_The task_. Word for word, repeat all of the entries below.

_Data provided_.
= Beginning of Section =

lemma ln_gap:
  fixes a b C :: real
  assumes "0 < a" "a \<le> b" "b \<le> C * (b - a)"
  shows "1 + C * ln a \<le> C * ln b"
proof -
  have "0 < b"
    using assms(1,2) by linarith
  have "0 \<le> C"
  proof (rule ccontr)
    assume "\<not> 0 \<le> C"
    then have "C * (b - a) \<le> 0"
      using assms(2) by (simp add: mult_nonpos_nonneg)
    then show False
      using assms(3) \<open>0 < b\<close> by linarith
  qed
  have "(b - a) / b \<le> ln b - ln a"
    using ln_le_minus_one[of "a / b"] \<open>0 < a\<close> \<open>0 < b\<close> by (simp add: ln_div field_simps)
  have "1 \<le> C * ((b - a) / b)"
    using assms(3) \<open>0 < b\<close> by (simp add: field_simps)
  also have "\<dots> \<le> C * (ln b - ln a)"
    using \<open>(b - a) / b \<le> ln b - ln a\<close> \<open>0 \<le> C\<close> by (rule mult_left_mono)
  finally show ?thesis
    by (simp add: algebra_simps)
qed

lemma card_le_ln_if_gaps:
  fixes F :: "nat set" and C :: real
  assumes "finite F" "1 \<le> C"
    and "\<And>s j. s \<in> F \<Longrightarrow> j \<in> F \<Longrightarrow> s < j \<Longrightarrow> real (Suc j) \<le> C * real (j - s)"
  shows "F \<subseteq> {..<n} \<Longrightarrow> 1 \<le> n \<Longrightarrow> real (card F) \<le> 1 + C * ln (real n)"
  using assms(1,3)
proof (induction F arbitrary: n rule: finite_linorder_max_induct)
  case empty
  then show ?case
    using assms(2) by simp
next
  case (insert j F)
  have "j < n" "j \<notin> F"
    using insert.prems(1) insert.hyps(2) by auto
  then have card: "card (insert j F) = Suc (card F)"
    using insert.hyps(1) by simp
  have "0 \<le> C * ln (real n)"
    using assms(2) insert.prems(2) by simp
  show ?case
  proof (cases "F = {}")
    case True
    then show ?thesis
      using card \<open>0 \<le> C * ln (real n)\<close> by simp
  next
    case False
    define s where "s = Max F"
    have s: "s \<in> F" "s < j" "F \<subseteq> {..<Suc s}"
      using False insert.hyps s_def by (auto simp: le_imp_less_Suc)
    have "\<And>s j. s \<in> F \<Longrightarrow> j \<in> F \<Longrightarrow> s < j \<Longrightarrow> real (Suc j) \<le> C * real (j - s)"
      using insert.prems(3) by blast
    then have "real (card F) \<le> 1 + C * ln (real (Suc s))"
      using insert.IH[OF s(3)] by simp
    also have "\<dots> \<le> C * ln (real (Suc j))"
      using ln_gap[of "real (Suc s)" "real (Suc j)" C] insert.prems(3)[of s j] s
      by (simp add: of_nat_diff)
    also have "\<dots> \<le> C * ln (real n)"
      using \<open>j < n\<close> assms(2) by simp
    finally show ?thesis
      using card by simp
  qed
qed

lemma card_greedy_attractor_le:
  assumes "appear_ok w C" "2 \<le> n"
  shows "real (card (greedy_attractor w \<inter> {..<n})) \<le> 3 * C * ln (real n)"
proof -
  have "1 \<le> C"
    using assms(1) by (rule appear_ok_ge_1)
  have card: "real (card (greedy_attractor w \<inter> {..<n})) \<le> 1 + C * ln (real n)"
    by (rule card_le_ln_if_gaps[OF _ \<open>1 \<le> C\<close>])
      (use greedy_attractor_gap[OF assms(1)] assms(2) in auto)
  have "1 / 2 \<le> ln (2 :: real)"
    using ln_le_minus_one[of "1 / 2 :: real"] by (simp add: ln_div)
  also have "\<dots> \<le> ln (real n)"
    using assms(2) by simp
  finally have "1 * (1 / 2) \<le> C * ln (real n)"
    using \<open>1 \<le> C\<close> by (intro mult_mono) auto
  then show ?thesis
    using card by linarith
qed

lemma le_appearance_const:
  "\<exists>C. appear_ok w C \<Longrightarrow> (\<And>C. appear_ok w C \<Longrightarrow> x \<le> C) \<Longrightarrow> x \<le> appearance_const w"
  unfolding appearance_const_def by (rule cInf_greatest) auto

theorem theorem21:
  shows "\<exists>K::real. \<forall>w :: nat \<Rightarrow> nat.
           finite (range w) \<and> (\<exists>C. appear_ok w C) \<longrightarrow>
             (\<forall>n. prefix_attractor w (greedy_attractor w \<inter> {..<n}) n) \<and>
             (\<forall>n::nat. n \<ge> 2 \<longrightarrow>
                real (card (greedy_attractor w \<inter> {..<n})) \<le> K * appearance_const w * ln (real n))"
proof (intro exI[of _ 3] allI impI conjI)
  fix w :: "nat \<Rightarrow> nat" and n :: nat
  show "prefix_attractor w (greedy_attractor w \<inter> {..<n}) n"
    by (rule prefix_attractor_greedy_attractor)
next
  fix w :: "nat \<Rightarrow> nat" and n :: nat
  assume "finite (range w) \<and> (\<exists>C. appear_ok w C)" and "2 \<le> n"
  let ?c = "real (card (greedy_attractor w \<inter> {..<n}))"
  have "0 < 3 * ln (real n)"
    using \<open>2 \<le> n\<close> by simp
  have "?c / (3 * ln (real n)) \<le> appearance_const w"
    using \<open>finite (range w) \<and> (\<exists>C. appear_ok w C)\<close>
  proof (intro le_appearance_const)
    fix C assume "appear_ok w C"
    then show "?c / (3 * ln (real n)) \<le> C"
      using card_greedy_attractor_le[OF _ \<open>2 \<le> n\<close>] \<open>0 < 3 * ln (real n)\<close>
      by (simp add: divide_le_eq mult.commute mult.left_commute)
  qed blast
  then show "?c \<le> 3 * appearance_const w * ln (real n)"
    using \<open>0 < 3 * ln (real n)\<close> by (simp add: divide_le_eq mult.commute mult.left_commute)
qed

end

= End of Section =

_Task response_.
lemma ln_gap:
  fixes a b C :: real
  assumes "0 < a" "a \<le> b" "b \<le> C * (b - a)"
  shows "1 + C * ln a \<le> C * ln b"
proof -
  have "0 < b"
    using assms(1,2) by linarith
  have "0 \<le> C"
  proof (rule ccontr)
    assume "\<not> 0 \<le> C"
    then have "C * (b - a) \<le> 0"
      using assms(2) by (simp add: mult_nonpos_nonneg)
    then show False
      using assms(3) \<open>0 < b\<close> by linarith
  qed
  have "(b - a) / b \<le> ln b - ln a"
    using ln_le_minus_one[of "a / b"] \<open>0 < a\<close> \<open>0 < b\<close> by (simp add: ln_div field_simps)
  have "1 \<le> C * ((b - a) / b)"
    using assms(3) \<open>0 < b\<close> by (simp add: field_simps)
  also have "\<dots> \<le> C * (ln b - ln a)"
    using \<open>(b - a) / b \<le> ln b - ln a\<close> \<open>0 \<le> C\<close> by (rule mult_left_mono)
  finally show ?thesis
    by (simp add: algebra_simps)
qed

lemma card_le_ln_if_gaps:
  fixes F :: "nat set" and C :: real
  assumes "finite F" "1 \<le> C"
    and "\<And>s j. s \<in> F \<Longrightarrow> j \<in> F \<Longrightarrow> s < j \<Longrightarrow> real (Suc j) \<le> C * real (j - s)"
  shows "F \<subseteq> {..<n} \<Longrightarrow> 1 \<le> n \<Longrightarrow> real (card F) \<le> 1 + C * ln (real n)"
  using assms(1,3)
proof (induction F arbitrary: n rule: finite_linorder_max_induct)
  case empty
  then show ?case
    using assms(2) by simp
next
  case (insert j F)
  have "j < n" "j \<notin> F"
    using insert.prems(1) insert.hyps(2) by auto
  then have card: "card (insert j F) = Suc (card F)"
    using insert.hyps(1) by simp
  have "0 \<le> C * ln (real n)"
    using assms(2) insert.prems(2) by simp
  show ?case
  proof (cases "F = {}")
    case True
    then show ?thesis
      using card \<open>0 \<le> C * ln (real n)\<close> by simp
  next
    case False
    define s where "s = Max F"
    have s: "s \<in> F" "s < j" "F \<subseteq> {..<Suc s}"
      using False insert.hyps s_def by (auto simp: le_imp_less_Suc)
    have "\<And>s j. s \<in> F \<Longrightarrow> j \<in> F \<Longrightarrow> s < j \<Longrightarrow> real (Suc j) \<le> C * real (j - s)"
      using insert.prems(3) by blast
    then have "real (card F) \<le> 1 + C * ln (real (Suc s))"
      using insert.IH[OF s(3)] by simp
    also have "\<dots> \<le> C * ln (real (Suc j))"
      using ln_gap[of "real (Suc s)" "real (Suc j)" C] insert.prems(3)[of s j] s
      by (simp add: of_nat_diff)
    also have "\<dots> \<le> C * ln (real n)"
      using \<open>j < n\<close> assms(2) by simp
    finally show ?thesis
      using card by simp
  qed
qed

lemma card_greedy_attractor_le:
  assumes "appear_ok w C" "2 \<le> n"
  shows "real (card (greedy_attractor w \<inter> {..<n})) \<le> 3 * C * ln (real n)"
proof -
  have "1 \<le> C"
    using assms(1) by (rule appear_ok_ge_1)
  have card: "real (card (greedy_attractor w \<inter> {..<n})) \<le> 1 + C * ln (real n)"
    by (rule card_le_ln_if_gaps[OF _ \<open>1 \<le> C\<close>])
      (use greedy_attractor_gap[OF assms(1)] assms(2) in auto)
  have "1 / 2 \<le> ln (2 :: real)"
    using ln_le_minus_one[of "1 / 2 :: real"] by (simp add: ln_div)
  also have "\<dots> \<le> ln (real n)"
    using assms(2) by simp
  finally have "1 * (1 / 2) \<le> C * ln (real n)"
    using \<open>1 \<le> C\<close> by (intro mult_mono) auto
  then show ?thesis
    using card by linarith
qed

lemma le_appearance_const:
  "\<exists>C. appear_ok w C \<Longrightarrow> (\<And>C. appear_ok w C \<Longrightarrow> x \<le> C) \<Longrightarrow> x \<le> appearance_const w"
  unfolding appearance_const_def by (rule cInf_greatest) auto

theorem theorem21:
  shows "\<exists>K::real. \<forall>w :: nat \<Rightarrow> nat.
           finite (range w) \<and> (\<exists>C. appear_ok w C) \<longrightarrow>
             (\<forall>n. prefix_attractor w (greedy_attractor w \<inter> {..<n}) n) \<and>
             (\<forall>n::nat. n \<ge> 2 \<longrightarrow>
                real (card (greedy_attractor w \<inter> {..<n})) \<le> K * appearance_const w * ln (real n))"
proof (intro exI[of _ 3] allI impI conjI)
  fix w :: "nat \<Rightarrow> nat" and n :: nat
  show "prefix_attractor w (greedy_attractor w \<inter> {..<n}) n"
    by (rule prefix_attractor_greedy_attractor)
next
  fix w :: "nat \<Rightarrow> nat" and n :: nat
  assume "finite (range w) \<and> (\<exists>C. appear_ok w C)" and "2 \<le> n"
  let ?c = "real (card (greedy_attractor w \<inter> {..<n}))"
  have "0 < 3 * ln (real n)"
    using \<open>2 \<le> n\<close> by simp
  have "?c / (3 * ln (real n)) \<le> appearance_const w"
    using \<open>finite (range w) \<and> (\<exists>C. appear_ok w C)\<close>
  proof (intro le_appearance_const)
    fix C assume "appear_ok w C"
    then show "?c / (3 * ln (real n)) \<le> C"
      using card_greedy_attractor_le[OF _ \<open>2 \<le> n\<close>] \<open>0 < 3 * ln (real n)\<close>
      by (simp add: divide_le_eq mult.commute mult.left_commute)
  qed blast
  then show "?c \<le> 3 * appearance_const w * ln (real n)"
    using \<open>0 < 3 * ln (real n)\<close> by (simp add: divide_le_eq mult.commute mult.left_commute)
qed

end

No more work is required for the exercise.